▶ EXERCISE INSTRUCTIONS: Somewhere below are a line with "finally show ?thesis by" and a later line with "wedge1 (kerr_ginv M". Output exactly those lines and all lines between them.

▶ DATA EXTRACTS:
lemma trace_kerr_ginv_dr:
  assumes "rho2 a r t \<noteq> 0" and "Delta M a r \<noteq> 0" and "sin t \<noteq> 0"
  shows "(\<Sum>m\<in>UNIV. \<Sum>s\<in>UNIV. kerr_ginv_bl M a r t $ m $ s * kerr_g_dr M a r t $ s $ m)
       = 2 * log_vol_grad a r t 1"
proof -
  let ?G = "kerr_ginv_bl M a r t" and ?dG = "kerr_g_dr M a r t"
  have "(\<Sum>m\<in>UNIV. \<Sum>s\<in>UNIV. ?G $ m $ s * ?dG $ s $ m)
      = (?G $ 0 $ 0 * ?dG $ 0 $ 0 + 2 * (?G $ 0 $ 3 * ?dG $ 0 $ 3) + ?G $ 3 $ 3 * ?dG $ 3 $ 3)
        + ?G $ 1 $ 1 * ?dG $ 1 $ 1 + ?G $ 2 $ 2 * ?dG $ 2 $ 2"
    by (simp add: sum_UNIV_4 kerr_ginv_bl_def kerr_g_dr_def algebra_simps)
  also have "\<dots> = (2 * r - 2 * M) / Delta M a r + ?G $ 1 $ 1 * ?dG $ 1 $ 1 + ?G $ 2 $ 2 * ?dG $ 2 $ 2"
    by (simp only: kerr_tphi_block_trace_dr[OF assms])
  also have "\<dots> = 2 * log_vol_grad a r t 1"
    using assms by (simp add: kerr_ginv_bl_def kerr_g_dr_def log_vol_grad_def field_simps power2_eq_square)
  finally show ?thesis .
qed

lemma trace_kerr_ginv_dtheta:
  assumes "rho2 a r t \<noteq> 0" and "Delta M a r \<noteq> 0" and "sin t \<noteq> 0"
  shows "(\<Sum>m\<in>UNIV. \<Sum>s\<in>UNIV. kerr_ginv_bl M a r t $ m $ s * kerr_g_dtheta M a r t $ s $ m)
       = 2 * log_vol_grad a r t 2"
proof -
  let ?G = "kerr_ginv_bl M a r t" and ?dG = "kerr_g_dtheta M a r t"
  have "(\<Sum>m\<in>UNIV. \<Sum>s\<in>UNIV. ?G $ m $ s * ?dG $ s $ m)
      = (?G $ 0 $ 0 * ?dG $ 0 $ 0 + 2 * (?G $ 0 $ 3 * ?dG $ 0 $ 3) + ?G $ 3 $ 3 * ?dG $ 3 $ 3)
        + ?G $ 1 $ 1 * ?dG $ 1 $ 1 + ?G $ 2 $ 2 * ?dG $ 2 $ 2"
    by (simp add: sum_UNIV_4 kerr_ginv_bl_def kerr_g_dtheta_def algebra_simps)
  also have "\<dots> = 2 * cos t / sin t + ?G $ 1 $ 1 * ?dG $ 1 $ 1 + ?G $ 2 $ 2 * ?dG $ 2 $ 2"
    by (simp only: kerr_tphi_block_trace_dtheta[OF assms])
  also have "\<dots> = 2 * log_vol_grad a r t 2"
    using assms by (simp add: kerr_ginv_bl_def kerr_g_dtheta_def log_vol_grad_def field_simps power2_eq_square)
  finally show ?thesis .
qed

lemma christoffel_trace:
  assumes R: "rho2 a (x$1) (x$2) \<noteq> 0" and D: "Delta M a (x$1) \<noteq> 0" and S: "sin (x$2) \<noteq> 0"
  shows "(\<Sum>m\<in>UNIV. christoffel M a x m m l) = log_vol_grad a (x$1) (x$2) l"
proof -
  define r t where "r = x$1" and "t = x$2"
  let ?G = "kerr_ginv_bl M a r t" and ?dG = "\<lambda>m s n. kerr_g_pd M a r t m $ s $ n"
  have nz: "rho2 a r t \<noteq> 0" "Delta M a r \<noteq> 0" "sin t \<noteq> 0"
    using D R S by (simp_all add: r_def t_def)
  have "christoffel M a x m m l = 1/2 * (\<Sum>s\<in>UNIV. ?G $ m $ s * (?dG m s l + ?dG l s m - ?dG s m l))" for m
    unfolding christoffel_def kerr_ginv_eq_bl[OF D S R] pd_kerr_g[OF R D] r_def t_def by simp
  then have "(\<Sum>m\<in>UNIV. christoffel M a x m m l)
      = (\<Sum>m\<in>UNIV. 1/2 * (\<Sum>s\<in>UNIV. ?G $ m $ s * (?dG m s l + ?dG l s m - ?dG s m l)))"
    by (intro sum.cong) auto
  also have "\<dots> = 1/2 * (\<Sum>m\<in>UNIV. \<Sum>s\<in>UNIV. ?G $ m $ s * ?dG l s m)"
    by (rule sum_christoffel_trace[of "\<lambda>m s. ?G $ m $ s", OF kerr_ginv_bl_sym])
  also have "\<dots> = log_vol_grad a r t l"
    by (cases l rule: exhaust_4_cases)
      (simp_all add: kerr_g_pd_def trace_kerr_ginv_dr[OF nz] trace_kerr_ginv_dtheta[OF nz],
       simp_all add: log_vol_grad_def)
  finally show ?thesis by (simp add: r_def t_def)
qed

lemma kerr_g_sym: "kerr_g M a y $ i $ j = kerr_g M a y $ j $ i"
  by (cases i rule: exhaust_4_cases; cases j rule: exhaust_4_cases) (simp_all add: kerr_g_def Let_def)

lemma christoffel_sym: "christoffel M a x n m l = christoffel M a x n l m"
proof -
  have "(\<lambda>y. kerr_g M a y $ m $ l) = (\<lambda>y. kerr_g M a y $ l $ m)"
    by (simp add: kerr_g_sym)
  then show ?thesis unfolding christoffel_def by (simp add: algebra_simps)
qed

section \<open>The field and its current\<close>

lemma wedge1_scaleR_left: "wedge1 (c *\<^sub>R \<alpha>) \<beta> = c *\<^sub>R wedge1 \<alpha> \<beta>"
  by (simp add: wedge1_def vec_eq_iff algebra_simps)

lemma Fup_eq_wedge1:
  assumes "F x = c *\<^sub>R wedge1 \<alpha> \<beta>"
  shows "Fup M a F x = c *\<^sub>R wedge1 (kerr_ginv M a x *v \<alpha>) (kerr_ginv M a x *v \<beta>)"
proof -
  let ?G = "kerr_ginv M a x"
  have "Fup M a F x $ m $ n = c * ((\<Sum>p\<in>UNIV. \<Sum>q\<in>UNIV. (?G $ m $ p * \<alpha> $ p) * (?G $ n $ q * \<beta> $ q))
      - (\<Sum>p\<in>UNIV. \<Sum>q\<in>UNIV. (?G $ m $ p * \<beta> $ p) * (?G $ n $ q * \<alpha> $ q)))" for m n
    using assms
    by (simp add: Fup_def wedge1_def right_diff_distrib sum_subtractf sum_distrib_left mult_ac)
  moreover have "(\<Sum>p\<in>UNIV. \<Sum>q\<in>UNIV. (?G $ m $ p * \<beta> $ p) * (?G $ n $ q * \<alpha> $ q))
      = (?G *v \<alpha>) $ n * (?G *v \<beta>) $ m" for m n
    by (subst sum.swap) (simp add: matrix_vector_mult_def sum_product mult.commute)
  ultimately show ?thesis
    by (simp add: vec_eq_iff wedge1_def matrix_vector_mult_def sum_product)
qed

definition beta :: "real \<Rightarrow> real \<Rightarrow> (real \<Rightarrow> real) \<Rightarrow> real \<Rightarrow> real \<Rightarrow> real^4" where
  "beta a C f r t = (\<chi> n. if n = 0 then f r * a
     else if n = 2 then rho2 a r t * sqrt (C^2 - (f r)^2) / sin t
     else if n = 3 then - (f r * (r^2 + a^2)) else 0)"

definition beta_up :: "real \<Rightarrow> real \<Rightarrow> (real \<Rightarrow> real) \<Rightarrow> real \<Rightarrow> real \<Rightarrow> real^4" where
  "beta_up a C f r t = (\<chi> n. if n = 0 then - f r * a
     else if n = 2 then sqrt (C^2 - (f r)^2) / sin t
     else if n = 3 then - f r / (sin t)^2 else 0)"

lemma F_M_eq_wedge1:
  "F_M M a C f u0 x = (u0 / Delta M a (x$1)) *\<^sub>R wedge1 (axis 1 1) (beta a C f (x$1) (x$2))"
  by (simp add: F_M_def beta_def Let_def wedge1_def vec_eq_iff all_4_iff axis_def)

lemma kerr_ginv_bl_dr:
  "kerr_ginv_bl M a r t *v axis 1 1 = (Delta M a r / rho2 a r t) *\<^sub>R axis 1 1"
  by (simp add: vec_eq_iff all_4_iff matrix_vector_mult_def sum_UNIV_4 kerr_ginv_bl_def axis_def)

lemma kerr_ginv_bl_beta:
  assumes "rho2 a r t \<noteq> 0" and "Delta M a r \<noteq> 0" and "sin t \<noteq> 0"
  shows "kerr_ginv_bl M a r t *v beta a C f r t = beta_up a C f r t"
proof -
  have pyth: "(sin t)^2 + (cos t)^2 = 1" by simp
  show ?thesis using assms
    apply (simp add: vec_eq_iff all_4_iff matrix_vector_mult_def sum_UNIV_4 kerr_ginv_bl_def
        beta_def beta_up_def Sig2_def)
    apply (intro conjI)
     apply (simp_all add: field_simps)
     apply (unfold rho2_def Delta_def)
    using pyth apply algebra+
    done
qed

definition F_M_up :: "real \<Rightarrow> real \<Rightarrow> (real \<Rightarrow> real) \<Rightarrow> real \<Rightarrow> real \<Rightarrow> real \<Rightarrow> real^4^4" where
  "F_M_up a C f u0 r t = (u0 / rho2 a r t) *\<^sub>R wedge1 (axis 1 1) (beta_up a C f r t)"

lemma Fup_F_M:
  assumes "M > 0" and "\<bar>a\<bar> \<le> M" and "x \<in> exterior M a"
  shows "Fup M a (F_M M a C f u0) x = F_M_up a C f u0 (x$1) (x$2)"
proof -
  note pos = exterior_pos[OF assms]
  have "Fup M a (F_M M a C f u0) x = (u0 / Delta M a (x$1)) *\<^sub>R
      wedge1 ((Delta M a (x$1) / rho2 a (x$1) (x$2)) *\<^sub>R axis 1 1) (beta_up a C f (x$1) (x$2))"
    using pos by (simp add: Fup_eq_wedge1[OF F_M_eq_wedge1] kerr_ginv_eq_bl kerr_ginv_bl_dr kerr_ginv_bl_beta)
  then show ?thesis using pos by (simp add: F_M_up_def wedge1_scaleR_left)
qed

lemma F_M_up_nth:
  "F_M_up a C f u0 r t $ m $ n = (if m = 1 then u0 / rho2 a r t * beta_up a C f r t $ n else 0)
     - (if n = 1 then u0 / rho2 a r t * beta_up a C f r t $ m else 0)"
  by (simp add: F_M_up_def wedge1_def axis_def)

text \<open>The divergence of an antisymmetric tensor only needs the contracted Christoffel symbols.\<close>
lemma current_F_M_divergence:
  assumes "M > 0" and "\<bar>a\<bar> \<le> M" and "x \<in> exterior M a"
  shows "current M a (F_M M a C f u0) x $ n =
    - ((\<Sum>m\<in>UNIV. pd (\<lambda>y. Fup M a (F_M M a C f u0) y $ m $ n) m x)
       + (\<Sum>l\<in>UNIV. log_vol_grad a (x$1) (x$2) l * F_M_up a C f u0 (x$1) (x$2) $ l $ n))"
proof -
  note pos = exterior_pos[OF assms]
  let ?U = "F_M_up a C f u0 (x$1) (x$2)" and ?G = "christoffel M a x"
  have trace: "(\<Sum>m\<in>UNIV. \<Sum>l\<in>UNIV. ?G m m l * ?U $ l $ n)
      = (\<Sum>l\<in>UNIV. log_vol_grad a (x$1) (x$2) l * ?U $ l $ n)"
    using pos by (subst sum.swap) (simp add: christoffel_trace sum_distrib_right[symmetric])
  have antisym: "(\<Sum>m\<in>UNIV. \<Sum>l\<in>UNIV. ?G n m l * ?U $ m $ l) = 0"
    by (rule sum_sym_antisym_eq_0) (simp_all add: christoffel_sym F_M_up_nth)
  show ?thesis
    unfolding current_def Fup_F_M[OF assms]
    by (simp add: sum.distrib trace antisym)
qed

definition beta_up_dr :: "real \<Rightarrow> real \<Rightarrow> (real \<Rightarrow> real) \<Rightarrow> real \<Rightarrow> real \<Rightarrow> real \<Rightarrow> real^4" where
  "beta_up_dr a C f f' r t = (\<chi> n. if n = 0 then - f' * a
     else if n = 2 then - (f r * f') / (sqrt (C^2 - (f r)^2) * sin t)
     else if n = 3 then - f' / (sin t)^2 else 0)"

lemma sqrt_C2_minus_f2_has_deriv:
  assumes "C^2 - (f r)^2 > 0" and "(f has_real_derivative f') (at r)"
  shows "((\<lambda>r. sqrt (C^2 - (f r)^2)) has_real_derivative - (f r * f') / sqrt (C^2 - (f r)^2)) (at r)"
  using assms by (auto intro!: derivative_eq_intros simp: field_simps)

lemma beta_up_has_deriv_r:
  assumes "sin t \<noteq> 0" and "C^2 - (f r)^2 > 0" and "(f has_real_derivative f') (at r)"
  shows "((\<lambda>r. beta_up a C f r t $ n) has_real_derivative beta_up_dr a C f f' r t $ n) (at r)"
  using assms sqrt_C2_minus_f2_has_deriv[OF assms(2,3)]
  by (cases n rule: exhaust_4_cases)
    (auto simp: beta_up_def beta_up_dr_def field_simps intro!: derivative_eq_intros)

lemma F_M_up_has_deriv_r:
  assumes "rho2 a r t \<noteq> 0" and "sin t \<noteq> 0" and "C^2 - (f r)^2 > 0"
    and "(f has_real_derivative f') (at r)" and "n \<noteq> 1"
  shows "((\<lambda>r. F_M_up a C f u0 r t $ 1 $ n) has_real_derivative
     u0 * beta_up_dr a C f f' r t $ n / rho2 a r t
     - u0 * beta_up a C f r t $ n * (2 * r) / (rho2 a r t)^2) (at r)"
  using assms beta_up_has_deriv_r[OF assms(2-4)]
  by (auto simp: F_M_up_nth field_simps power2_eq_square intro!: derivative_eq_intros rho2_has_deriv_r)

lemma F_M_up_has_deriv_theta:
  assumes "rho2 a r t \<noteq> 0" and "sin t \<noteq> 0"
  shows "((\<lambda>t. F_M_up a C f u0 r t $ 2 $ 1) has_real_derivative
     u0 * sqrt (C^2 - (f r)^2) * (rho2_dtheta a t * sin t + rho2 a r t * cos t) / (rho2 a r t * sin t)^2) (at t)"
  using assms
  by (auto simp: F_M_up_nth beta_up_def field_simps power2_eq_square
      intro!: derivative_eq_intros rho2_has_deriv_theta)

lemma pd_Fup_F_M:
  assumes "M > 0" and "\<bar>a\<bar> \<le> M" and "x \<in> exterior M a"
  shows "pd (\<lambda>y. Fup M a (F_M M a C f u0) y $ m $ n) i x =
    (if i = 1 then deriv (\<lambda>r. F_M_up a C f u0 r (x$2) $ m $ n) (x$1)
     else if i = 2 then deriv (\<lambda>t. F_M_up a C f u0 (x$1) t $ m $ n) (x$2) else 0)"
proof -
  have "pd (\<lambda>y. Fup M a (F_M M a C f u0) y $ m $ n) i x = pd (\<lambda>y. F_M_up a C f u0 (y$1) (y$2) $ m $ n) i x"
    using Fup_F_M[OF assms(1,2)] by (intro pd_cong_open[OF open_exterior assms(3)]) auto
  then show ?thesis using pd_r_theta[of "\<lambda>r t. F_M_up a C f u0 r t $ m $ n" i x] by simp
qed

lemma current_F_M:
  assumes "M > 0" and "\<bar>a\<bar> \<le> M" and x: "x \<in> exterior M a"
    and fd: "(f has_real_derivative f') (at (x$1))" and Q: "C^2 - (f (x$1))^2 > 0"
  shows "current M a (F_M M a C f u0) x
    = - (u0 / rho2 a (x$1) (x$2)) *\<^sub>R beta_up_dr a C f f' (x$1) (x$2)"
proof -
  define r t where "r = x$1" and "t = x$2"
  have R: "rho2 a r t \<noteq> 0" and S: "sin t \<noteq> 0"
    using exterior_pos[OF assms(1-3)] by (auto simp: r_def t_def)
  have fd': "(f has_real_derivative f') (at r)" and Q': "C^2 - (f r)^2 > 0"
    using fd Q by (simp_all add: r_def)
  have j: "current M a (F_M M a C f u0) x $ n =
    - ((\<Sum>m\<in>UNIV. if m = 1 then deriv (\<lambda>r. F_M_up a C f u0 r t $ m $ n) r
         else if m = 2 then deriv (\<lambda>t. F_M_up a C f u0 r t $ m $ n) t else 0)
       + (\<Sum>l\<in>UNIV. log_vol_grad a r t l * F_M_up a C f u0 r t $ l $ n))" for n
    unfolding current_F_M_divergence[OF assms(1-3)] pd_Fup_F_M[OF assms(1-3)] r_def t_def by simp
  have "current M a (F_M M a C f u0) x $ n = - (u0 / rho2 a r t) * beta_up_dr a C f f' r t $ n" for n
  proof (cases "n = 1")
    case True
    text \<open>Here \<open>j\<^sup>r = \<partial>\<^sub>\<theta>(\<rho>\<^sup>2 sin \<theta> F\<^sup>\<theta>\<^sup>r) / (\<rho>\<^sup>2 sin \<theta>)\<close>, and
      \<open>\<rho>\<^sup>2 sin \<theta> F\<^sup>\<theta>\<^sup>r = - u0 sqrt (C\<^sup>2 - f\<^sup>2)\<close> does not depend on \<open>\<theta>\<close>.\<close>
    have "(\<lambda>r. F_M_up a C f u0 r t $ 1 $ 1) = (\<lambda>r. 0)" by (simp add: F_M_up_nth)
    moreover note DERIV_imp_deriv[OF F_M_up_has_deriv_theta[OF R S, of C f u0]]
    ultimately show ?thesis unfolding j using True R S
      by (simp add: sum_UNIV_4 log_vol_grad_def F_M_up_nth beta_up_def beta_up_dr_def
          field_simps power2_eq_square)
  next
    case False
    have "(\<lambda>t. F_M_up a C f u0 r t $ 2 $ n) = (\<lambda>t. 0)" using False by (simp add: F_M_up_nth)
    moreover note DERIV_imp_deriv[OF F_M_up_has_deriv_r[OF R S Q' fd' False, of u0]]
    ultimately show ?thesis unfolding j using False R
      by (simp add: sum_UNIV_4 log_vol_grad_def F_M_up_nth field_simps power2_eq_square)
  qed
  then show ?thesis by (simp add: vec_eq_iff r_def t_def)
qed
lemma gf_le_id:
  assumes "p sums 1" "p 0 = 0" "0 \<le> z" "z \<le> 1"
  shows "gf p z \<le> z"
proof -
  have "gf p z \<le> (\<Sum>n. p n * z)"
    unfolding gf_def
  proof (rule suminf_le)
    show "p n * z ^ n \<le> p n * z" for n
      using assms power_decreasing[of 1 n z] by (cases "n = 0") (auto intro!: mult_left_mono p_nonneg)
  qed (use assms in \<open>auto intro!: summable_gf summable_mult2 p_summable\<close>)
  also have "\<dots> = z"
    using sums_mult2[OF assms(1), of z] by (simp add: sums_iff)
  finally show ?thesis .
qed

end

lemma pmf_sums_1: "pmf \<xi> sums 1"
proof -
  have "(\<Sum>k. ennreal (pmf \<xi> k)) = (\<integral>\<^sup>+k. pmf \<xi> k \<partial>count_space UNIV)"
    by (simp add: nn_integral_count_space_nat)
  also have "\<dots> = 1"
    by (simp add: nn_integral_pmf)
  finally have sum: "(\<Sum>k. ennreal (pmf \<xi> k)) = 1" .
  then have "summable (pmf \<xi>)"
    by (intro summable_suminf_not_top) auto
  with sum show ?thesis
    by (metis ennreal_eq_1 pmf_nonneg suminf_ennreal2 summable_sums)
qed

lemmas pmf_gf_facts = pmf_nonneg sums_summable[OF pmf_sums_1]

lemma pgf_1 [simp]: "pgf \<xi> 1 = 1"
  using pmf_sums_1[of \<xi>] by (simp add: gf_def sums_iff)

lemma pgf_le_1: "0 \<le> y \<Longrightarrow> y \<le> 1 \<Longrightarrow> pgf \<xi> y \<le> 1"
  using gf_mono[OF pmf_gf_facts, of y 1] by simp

▶ TASK SOLUTION:
  finally show ?thesis by (simp add: r_def t_def)
qed

lemma kerr_g_sym: "kerr_g M a y $ i $ j = kerr_g M a y $ j $ i"
  by (cases i rule: exhaust_4_cases; cases j rule: exhaust_4_cases) (simp_all add: kerr_g_def Let_def)

lemma christoffel_sym: "christoffel M a x n m l = christoffel M a x n l m"
proof -
  have "(\<lambda>y. kerr_g M a y $ m $ l) = (\<lambda>y. kerr_g M a y $ l $ m)"
    by (simp add: kerr_g_sym)
  then show ?thesis unfolding christoffel_def by (simp add: algebra_simps)
qed

section \<open>The field and its current\<close>

lemma wedge1_scaleR_left: "wedge1 (c *\<^sub>R \<alpha>) \<beta> = c *\<^sub>R wedge1 \<alpha> \<beta>"
  by (simp add: wedge1_def vec_eq_iff algebra_simps)

lemma Fup_eq_wedge1:
  assumes "F x = c *\<^sub>R wedge1 \<alpha> \<beta>"
  shows "Fup M a F x = c *\<^sub>R wedge1 (kerr_ginv M a x *v \<alpha>) (kerr_ginv M a x *v \<beta>)"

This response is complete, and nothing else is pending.